As Environmental Crimes Destroy the Amazon, Brazil Fails to Act

Published: 26 July 2022

Amazon Rainforest

About 60% of the Amazon Basin is in Brazil. (Photo: lubasi, Flickr, License)

By Inci Sayki

Brazilian authorities are doing little to tackle the network of environmental crimes, largely to blame for the degradation and deforestation of the Amazon, a new report finds.

“This analysis found that protected areas of the Amazon, including Indigenous Lands, Conservation Units and Permanent Protection Areas, have been increasingly impacted by the ecosystem of environmental crime, principally illegal logging and gold mining,” said the report by Brazilian think-tank Igarape Institute.

Last week’s study comes amid criticisms of the country’s far-right president, Jair Bolsonaro, and the rising global concerns about the Amazon’s deforestation, which has risen to its highest levels in more than a decade since Bolsonaro took office in 2019 - pushing the planet’s largest tropical biome close to its tipping point.
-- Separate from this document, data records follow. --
(* Let $\mathbb{K}\in\{\mathbb{R},\mathbb{C}\}$ and let $\mathcal{X}$ be a topological $\mathbb{K}$-vector space whose topological dual $\mathcal{X}^{\ast}$ separates the points of $\mathcal{X}$. Let $\mathcal{V}_1,\mathcal{V}_2\in\mathcal{C}$ be cylinders such that $\mathbf{B}_{\mathcal{V}_1}(\mathcal{X}^{\ast})\subsetneq\mathbf{B}_{\mathcal{V}_2}(\mathcal{X}^{\ast})$. Then for every $F_1\in\mathbf{B}_{\mathcal{V}_1}(\mathcal{X}^{\ast})$ and every $F_2\in\mathbf{B}_{\mathcal{V}_2}(\mathcal{X}^{\ast})\setminus\mathbf{B}_{\mathcal{V}_1}(\mathcal{X}^{\ast})$ there is $A\in\mathcal{X}$ with $d_H^{(A)}(F_1,F_2)=\infty$. In particular, for every $B\in\mathbf{B}(\mathcal{X}^{\ast})$ and every $F\in\mathbf{F}(\mathcal{X}^{\ast})\setminus\mathbf{B}(\mathcal{X}^{\ast})$ there is $A\in\mathcal{X}$ with $d_H^{(A)}(B,F)=\infty$.
   Context: Topological vector spaces are Hausdorff (Rudin's definition). $\mathcal{X}^{\ast}$ carries the weak* topology $\sigma(\mathcal{X}^{\ast},\mathcal{X})$. $\mathbf{F}(\mathcal{X}^{\ast})$ is the set of nonempty weak*-closed subsets of $\mathcal{X}^{\ast}$. For $A\in\mathcal{X}$ and $F,\tilde F\in\mathbf{F}(\mathcal{X}^{\ast})$, $d_H^{(A)}(F,\tilde F)=\max\{\sup_{\sigma\in F}\inf_{\tilde\sigma\in\tilde F}|(\sigma-\tilde\sigma)(A)|,\ \sup_{\tilde\sigma\in\tilde F}\inf_{\sigma\in F}|(\sigma-\tilde\sigma)(A)|\}\in[0,\infty]$. For $A\in\mathcal{X}$ let $\mathcal{V}_A=\{\sigma\in\mathcal{X}^{\ast}:|\sigma(A)|<1\}$; the set of cylinders is $\mathcal{C}=\{\bigcap_{j=1}^n\mathcal{V}_{A_j}: n\in\mathbb{N},\ A_1,\dots,A_n\in\mathcal{X}\}$. For $\mathcal{V}\in\mathcal{C}$, $\mathbf{B}_{\mathcal{V}}(\mathcal{X}^{\ast})=\{B\in\mathbf{F}(\mathcal{X}^{\ast}): B\subseteq\lambda\mathcal{V}\text{ for some }\lambda>0\}$, and $\mathbf{B}(\mathcal{X}^{\ast})=\bigcap_{\mathcal{V}\in\mathcal{C}}\mathbf{B}_{\mathcal{V}}(\mathcal{X}^{\ast})$ (the nonempty bounded weak*-closed subsets). *)

theory Defs
  imports "HOL-Analysis.Analysis" "HOL-Library.Extended_Real"
begin

definition is_tvs :: "('k::real_normed_field \<Rightarrow> 'x::{ab_group_add,t2_space} \<Rightarrow> 'x) \<Rightarrow> bool" where
  "is_tvs sc \<longleftrightarrow> Vector_Spaces.vector_space sc
     \<and> continuous_on UNIV (\<lambda>p::'x \<times> 'x. fst p + snd p)
     \<and> continuous_on UNIV (\<lambda>p::'k \<times> 'x. sc (fst p) (snd p))"

definition tdual :: "('k::real_normed_field \<Rightarrow> 'x::{ab_group_add,t2_space} \<Rightarrow> 'x) \<Rightarrow> ('x \<Rightarrow> 'k) set" where
  "tdual sc = {f. Vector_Spaces.linear sc ((*)) f \<and> continuous_on UNIV f}"

definition dual_separates_points :: "('k::real_normed_field \<Rightarrow> 'x::{ab_group_add,t2_space} \<Rightarrow> 'x) \<Rightarrow> bool" where
  "dual_separates_points sc \<longleftrightarrow> (\<forall>x y. x \<noteq> y \<longrightarrow> (\<exists>f\<in>tdual sc. f x \<noteq> f y))"

text \<open>Weak* topology: initial topology of the evaluation maps, i.e. the subspace
  topology induced by the product (pointwise convergence) topology.\<close>
definition weak_star :: "('k::real_normed_field \<Rightarrow> 'x::{ab_group_add,t2_space} \<Rightarrow> 'x) \<Rightarrow> ('x \<Rightarrow> 'k) topology" where
  "weak_star sc = subtopology (product_topology (\<lambda>_. euclidean) UNIV) (tdual sc)"

definition Fsets :: "('k::real_normed_field \<Rightarrow> 'x::{ab_group_add,t2_space} \<Rightarrow> 'x) \<Rightarrow> ('x \<Rightarrow> 'k) set set" where
  "Fsets sc = {F. F \<noteq> {} \<and> F \<subseteq> tdual sc \<and> closedin (weak_star sc) F}"

definition dH :: "'x \<Rightarrow> ('x \<Rightarrow> 'k::real_normed_field) set \<Rightarrow> ('x \<Rightarrow> 'k) set \<Rightarrow> ereal" where
  "dH A F G = max (SUP \<sigma>\<in>F. INF \<tau>\<in>G. ereal (norm ((\<sigma> A) - (\<tau> A))))
                  (SUP \<tau>\<in>G. INF \<sigma>\<in>F. ereal (norm ((\<sigma> A) - (\<tau> A))))"

definition cylV :: "('k::real_normed_field \<Rightarrow> 'x::{ab_group_add,t2_space} \<Rightarrow> 'x) \<Rightarrow> 'x \<Rightarrow> ('x \<Rightarrow> 'k) set" where
  "cylV sc A = {\<sigma> \<in> tdual sc. norm (\<sigma> A) < 1}"

definition cylinders :: "('k::real_normed_field \<Rightarrow> 'x::{ab_group_add,t2_space} \<Rightarrow> 'x) \<Rightarrow> ('x \<Rightarrow> 'k) set set" where
  "cylinders sc = {(\<Inter>A\<in>As. cylV sc A) | As. finite As \<and> As \<noteq> {}}"

definition dual_scale :: "real \<Rightarrow> ('x \<Rightarrow> 'k::real_normed_field) set \<Rightarrow> ('x \<Rightarrow> 'k) set" where
  "dual_scale l V = (\<lambda>\<sigma>. \<lambda>x. of_real l * \<sigma> x) ` V"

definition BV :: "('k::real_normed_field \<Rightarrow> 'x::{ab_group_add,t2_space} \<Rightarrow> 'x) \<Rightarrow> ('x \<Rightarrow> 'k) set \<Rightarrow> ('x \<Rightarrow> 'k) set set" where
  "BV sc V = {B \<in> Fsets sc. \<exists>l>0. B \<subseteq> dual_scale l V}"

definition Bsets :: "('k::real_normed_field \<Rightarrow> 'x::{ab_group_add,t2_space} \<Rightarrow> 'x) \<Rightarrow> ('x \<Rightarrow> 'k) set set" where
  "Bsets sc = (\<Inter>V\<in>cylinders sc. BV sc V)"

end

theory Submission
  imports Defs
begin

text \<open>For a cylinder \<open>V = \<Inter>A\<in>As. V\<^sub>A\<close>, a set \<open>F\<close> of functionals lies in some \<open>\<lambda>V\<close> iff
  it is bounded at each of the finitely many points \<open>A \<in> As\<close>. So if \<open>F\<^sub>1 \<in> B\<^sub>V\<close> and
  \<open>F\<^sub>2 \<notin> B\<^sub>V\<close>, there is an \<open>A \<in> As\<close> at which the values of \<open>F\<^sub>1\<close> stay bounded while those
  of \<open>F\<^sub>2\<close> do not; then every \<open>\<tau> \<in> F\<^sub>2\<close> with large \<open>\<tau> A\<close> is far from all of \<open>F\<^sub>1\<close>, which
  forces \<open>d\<^sub>H\<^sup>(\<^sup>A\<^sup>)(F\<^sub>1, F\<^sub>2) = \<infinity>\<close>. Neither the topology of the space nor the separation
  property of its dual plays any role.\<close>

lemma tdual_mult_left:
  fixes sc :: "'k::real_normed_field \<Rightarrow> 'x::{ab_group_add,t2_space} \<Rightarrow> 'x"
  assumes "\<tau> \<in> tdual sc"
  shows "(\<lambda>x. c * \<tau> x) \<in> tdual sc"
proof -
  have lin: "Vector_Spaces.linear sc (*) \<tau>" and cont: "continuous_on UNIV \<tau>"
    using assms by (auto simp: tdual_def)
  have "Vector_Spaces.linear sc (*) (\<lambda>x. c * \<tau> x)"
    using lin unfolding Vector_Spaces.linear_iff by (auto simp: distrib_left mult.left_commute)
  moreover have "continuous_on UNIV (\<lambda>x. c * \<tau> x)"
    by (intro continuous_intros cont)
  ultimately show ?thesis by (simp add: tdual_def)
qed

lemma bounded_eval_if_subset_dual_scale_cylinder:
  fixes sc :: "'k::real_normed_field \<Rightarrow> 'x::{ab_group_add,t2_space} \<Rightarrow> 'x"
  assumes l: "l > 0" "F \<subseteq> dual_scale l (\<Inter>A\<in>As. cylV sc A)" and A: "A \<in> As"
  shows "bounded ((\<lambda>\<tau>. \<tau> A) ` F)"
proof (rule boundedI)
  fix z assume "z \<in> (\<lambda>\<tau>. \<tau> A) ` F"
  then obtain \<sigma> where "\<sigma> \<in> cylV sc A" "z = of_real l * \<sigma> A"
    using l(2) A unfolding dual_scale_def by blast
  then show "norm z \<le> l" using l(1) by (simp add: cylV_def norm_mult)
qed

lemma subset_dual_scale_cylinder_if_bounded_eval:
  fixes sc :: "'k::real_normed_field \<Rightarrow> 'x::{ab_group_add,t2_space} \<Rightarrow> 'x"
  assumes fin: "finite As" and F: "F \<subseteq> tdual sc"
    and bounded: "\<forall>A\<in>As. bounded ((\<lambda>\<tau>. \<tau> A) ` F)"
  shows "\<exists>l>0. F \<subseteq> dual_scale l (\<Inter>A\<in>As. cylV sc A)"
proof -
  obtain M where M: "\<And>A \<tau>. A \<in> As \<Longrightarrow> \<tau> \<in> F \<Longrightarrow> norm (\<tau> A) \<le> M A"
    using bounded unfolding bounded_iff by (metis image_eqI)
  define l where "l = Max (insert 0 (M ` As)) + 1"
  have "0 \<le> Max (insert 0 (M ` As))" "A \<in> As \<Longrightarrow> M A \<le> Max (insert 0 (M ` As))" for A
    using fin by simp_all
  then have l_pos: "l > 0" and M_less_l: "A \<in> As \<Longrightarrow> M A < l" for A
    by (force simp: l_def)+
  have "F \<subseteq> dual_scale l (\<Inter>A\<in>As. cylV sc A)"
  proof
    fix \<tau> assume \<tau>: "\<tau> \<in> F"
    define \<sigma> where "\<sigma> = (\<lambda>x. of_real (1/l) * \<tau> x)"
    have \<sigma>_dual: "\<sigma> \<in> tdual sc" unfolding \<sigma>_def using \<tau> F tdual_mult_left by blast
    have "\<sigma> \<in> cylV sc A" if "A \<in> As" for A
    proof -
      have "norm (\<tau> A) < l" using M[OF that \<tau>] M_less_l[OF that] by linarith
      then have "norm (\<sigma> A) < 1"
        using l_pos by (simp add: \<sigma>_def norm_mult norm_divide divide_less_eq)
      then show ?thesis using \<sigma>_dual by (simp add: cylV_def)
    qed
    moreover have "\<tau> = (\<lambda>x. of_real l * \<sigma> x)"
      using l_pos by (simp add: \<sigma>_def mult.assoc[symmetric] flip: of_real_mult)
    ultimately show "\<tau> \<in> dual_scale l (\<Inter>A\<in>As. cylV sc A)"
      unfolding dual_scale_def by blast
  qed
  then show ?thesis using l_pos by blast
qed

lemma subset_dual_scale_cylinder_iff:
  fixes sc :: "'k::real_normed_field \<Rightarrow> 'x::{ab_group_add,t2_space} \<Rightarrow> 'x"
  assumes "finite As" and "F \<subseteq> tdual sc"
  shows "(\<exists>l>0. F \<subseteq> dual_scale l (\<Inter>A\<in>As. cylV sc A))
     \<longleftrightarrow> (\<forall>A\<in>As. bounded ((\<lambda>\<tau>. \<tau> A) ` F))"
  using assms bounded_eval_if_subset_dual_scale_cylinder subset_dual_scale_cylinder_if_bounded_eval
  by metis

lemma dH_eq_infinity_if_bounded_unbounded:
  fixes F G :: "('x \<Rightarrow> 'k::real_normed_field) set"
  assumes bF: "bounded ((\<lambda>\<sigma>. \<sigma> A) ` F)" and ubG: "\<not> bounded ((\<lambda>\<tau>. \<tau> A) ` G)"
  shows "dH A F G = \<infinity>"
proof -
  obtain K where K: "\<And>\<sigma>. \<sigma> \<in> F \<Longrightarrow> norm (\<sigma> A) \<le> K"
    using bF unfolding bounded_iff by blast
  have "(SUP \<tau>\<in>G. INF \<sigma>\<in>F. ereal (norm (\<sigma> A - \<tau> A))) = \<infinity>"
  proof (rule ereal_top)
    fix B
    obtain \<tau> where \<tau>: "\<tau> \<in> G" "norm (\<tau> A) > B + K"
      using ubG unfolding bounded_iff by (force simp: not_le)
    have "ereal B \<le> (INF \<sigma>\<in>F. ereal (norm (\<sigma> A - \<tau> A)))"
    proof (rule INF_greatest)
      fix \<sigma> assume "\<sigma> \<in> F"
      moreover have "norm (\<tau> A) \<le> norm (\<sigma> A - \<tau> A) + norm (\<sigma> A)"
        by (metis norm_minus_commute norm_triangle_sub add.commute)
      ultimately show "ereal B \<le> ereal (norm (\<sigma> A - \<tau> A))" using K \<tau>(2) by force
    qed
    then show "ereal B \<le> (SUP \<tau>\<in>G. INF \<sigma>\<in>F. ereal (norm (\<sigma> A - \<tau> A)))"
      using \<tau>(1) by (meson SUP_upper2)
  qed
  then show ?thesis by (simp add: dH_def)
qed

lemma dH_eq_infinity_outside_BV:
  fixes sc :: "'k::real_normed_field \<Rightarrow> 'x::{ab_group_add,t2_space} \<Rightarrow> 'x"
  assumes V: "V \<in> cylinders sc" and F1: "F1 \<in> BV sc V" and F2: "F2 \<in> Fsets sc - BV sc V"
  shows "\<exists>A. dH A F1 F2 = \<infinity>"
proof -
  obtain As where As: "finite As" "V = (\<Inter>A\<in>As. cylV sc A)"
    using V by (auto simp: cylinders_def)
  have "F1 \<subseteq> tdual sc" "\<exists>l>0. F1 \<subseteq> dual_scale l V"
    using F1 by (simp_all add: BV_def Fsets_def)
  then have F1_bounded: "\<forall>A\<in>As. bounded ((\<lambda>\<sigma>. \<sigma> A) ` F1)"
    using subset_dual_scale_cylinder_iff As by blast
  have "F2 \<subseteq> tdual sc" "\<not> (\<exists>l>0. F2 \<subseteq> dual_scale l V)"
    using F2 by (auto simp: BV_def Fsets_def)
  then have "\<not> (\<forall>A\<in>As. bounded ((\<lambda>\<tau>. \<tau> A) ` F2))"
    using subset_dual_scale_cylinder_iff As by blast
  then obtain A where "A \<in> As" "\<not> bounded ((\<lambda>\<tau>. \<tau> A) ` F2)" by blast
  then show ?thesis using F1_bounded dH_eq_infinity_if_bounded_unbounded[of A F1 F2] by blast
qed

lemma dH_eq_infinity_BV_Bsets:
  fixes sc :: "'k::real_normed_field \<Rightarrow> 'x::{ab_group_add,t2_space} \<Rightarrow> 'x"
  shows "(\<forall>V1\<in>cylinders sc. \<forall>V2\<in>cylinders sc. BV sc V1 \<subset> BV sc V2 \<longrightarrow>
            (\<forall>F1\<in>BV sc V1. \<forall>F2\<in>BV sc V2 - BV sc V1. \<exists>A. dH A F1 F2 = \<infinity>))
       \<and> (\<forall>B\<in>Bsets sc. \<forall>F\<in>Fsets sc - Bsets sc. \<exists>A. dH A B F = \<infinity>)"
proof (intro conjI ballI impI)
  fix V1 V2 F1 F2
  assume "V1 \<in> cylinders sc" "F1 \<in> BV sc V1" "F2 \<in> BV sc V2 - BV sc V1"
  moreover have "BV sc V2 \<subseteq> Fsets sc" by (auto simp: BV_def)
  ultimately show "\<exists>A. dH A F1 F2 = \<infinity>" using dH_eq_infinity_outside_BV by blast
next
  fix B F assume "B \<in> Bsets sc" and F: "F \<in> Fsets sc - Bsets sc"
  then obtain V where "V \<in> cylinders sc" "F \<notin> BV sc V" "B \<in> BV sc V"
    by (auto simp: Bsets_def)
  then show "\<exists>A. dH A B F = \<infinity>" using F dH_eq_infinity_outside_BV by blast
qed

theorem proposition3p2:
  fixes sR :: "real \<Rightarrow> 'x::{ab_group_add,t2_space} \<Rightarrow> 'x"
    and sC :: "complex \<Rightarrow> 'y::{ab_group_add,t2_space} \<Rightarrow> 'y"
  shows "(is_tvs sR \<and> dual_separates_points sR \<longrightarrow>
            (\<forall>V1\<in>cylinders sR. \<forall>V2\<in>cylinders sR. BV sR V1 \<subset> BV sR V2 \<longrightarrow>
               (\<forall>F1\<in>BV sR V1. \<forall>F2\<in>BV sR V2 - BV sR V1. \<exists>A. dH A F1 F2 = \<infinity>))
          \<and> (\<forall>B\<in>Bsets sR. \<forall>F\<in>Fsets sR - Bsets sR. \<exists>A. dH A B F = \<infinity>))
       \<and> (is_tvs sC \<and> dual_separates_points sC \<longrightarrow>
            (\<forall>V1\<in>cylinders sC. \<forall>V2\<in>cylinders sC. BV sC V1 \<subset> BV sC V2 \<longrightarrow>
               (\<forall>F1\<in>BV sC V1. \<forall>F2\<in>BV sC V2 - BV sC V1. \<exists>A. dH A F1 F2 = \<infinity>))
          \<and> (\<forall>B\<in>Bsets sC. \<forall>F\<in>Fsets sC - Bsets sC. \<exists>A. dH A B F = \<infinity>))"
  using dH_eq_infinity_BV_Bsets[of sR] dH_eq_infinity_BV_Bsets[of sC] by blast

end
Bolsonaro has had a questionable track record when it comes to the safeguarding of the Amazon. His administration has systematically undermined environmental protections and pushed Indigenous land to be open for business, according to the Council of Foreign Relations.

The Igarape Institute’s study depicting the collision of organized crime groups with public agencies found that systemic document fraud was an integral element of all environmental crimes. The report said, “uncovering this activity is a priority issue for public agencies responsible for environmental inspection and criminal investigation.”

“In the ecosystem of fraud, government corruption and tax and/or financial crime are interconnected,” it added.

By mapping the trajectories of natural resources and commodities “laundered” from the Amazon to Brazil and the rest of the world, the study found repetitive involvement in almost all illicit forest economies or related illegal activities from several states - primarily in the gold supply chain.

Furthermore, according to study, only two percent of the analyzed 302 environmental crime raids carried out by the Federal Police in the Amazon between 2016 and 2021 targeted the illegal seizures of undesignated public forest lands. However, the deforestation of undesignated public lands doubled between 2018 and 2021, reaching 367,000 hectares. It constituted one of the main vectors of loss of forest in the Brazilian Amazon.

“The lack of more systematic engagement on the part of the police is likely due, at least in part, to the lack of robust socio-environmental protections in place for these forest areas,” wrote the report, urging the proper designation of public lands for the forest’s protection.

According to a report by the environmental think tank Mapbiomas, deforestation in the Brazilian Amazon increased by more than 20% in 2021. And according to data from Global Forest Watch, in 2021, Brazil lost 1.5 million hectares of primary tropical forest, more than any other country. Over 40% of tropical primary forest cleared worldwide was in Brazil.

“On one hand, government and public agencies have been paying closer attention and acting to combat environmental and converging crimes, mainly to reduce deforestation and illegal mining,” said the report by Igarape Institute.

“On the other, high ranking politicians and wealthy individuals cash in on – or fail to impede – attempts to weaken socio-environmental safeguards and regulations designed to protect the Amazon rainforest,” it continued.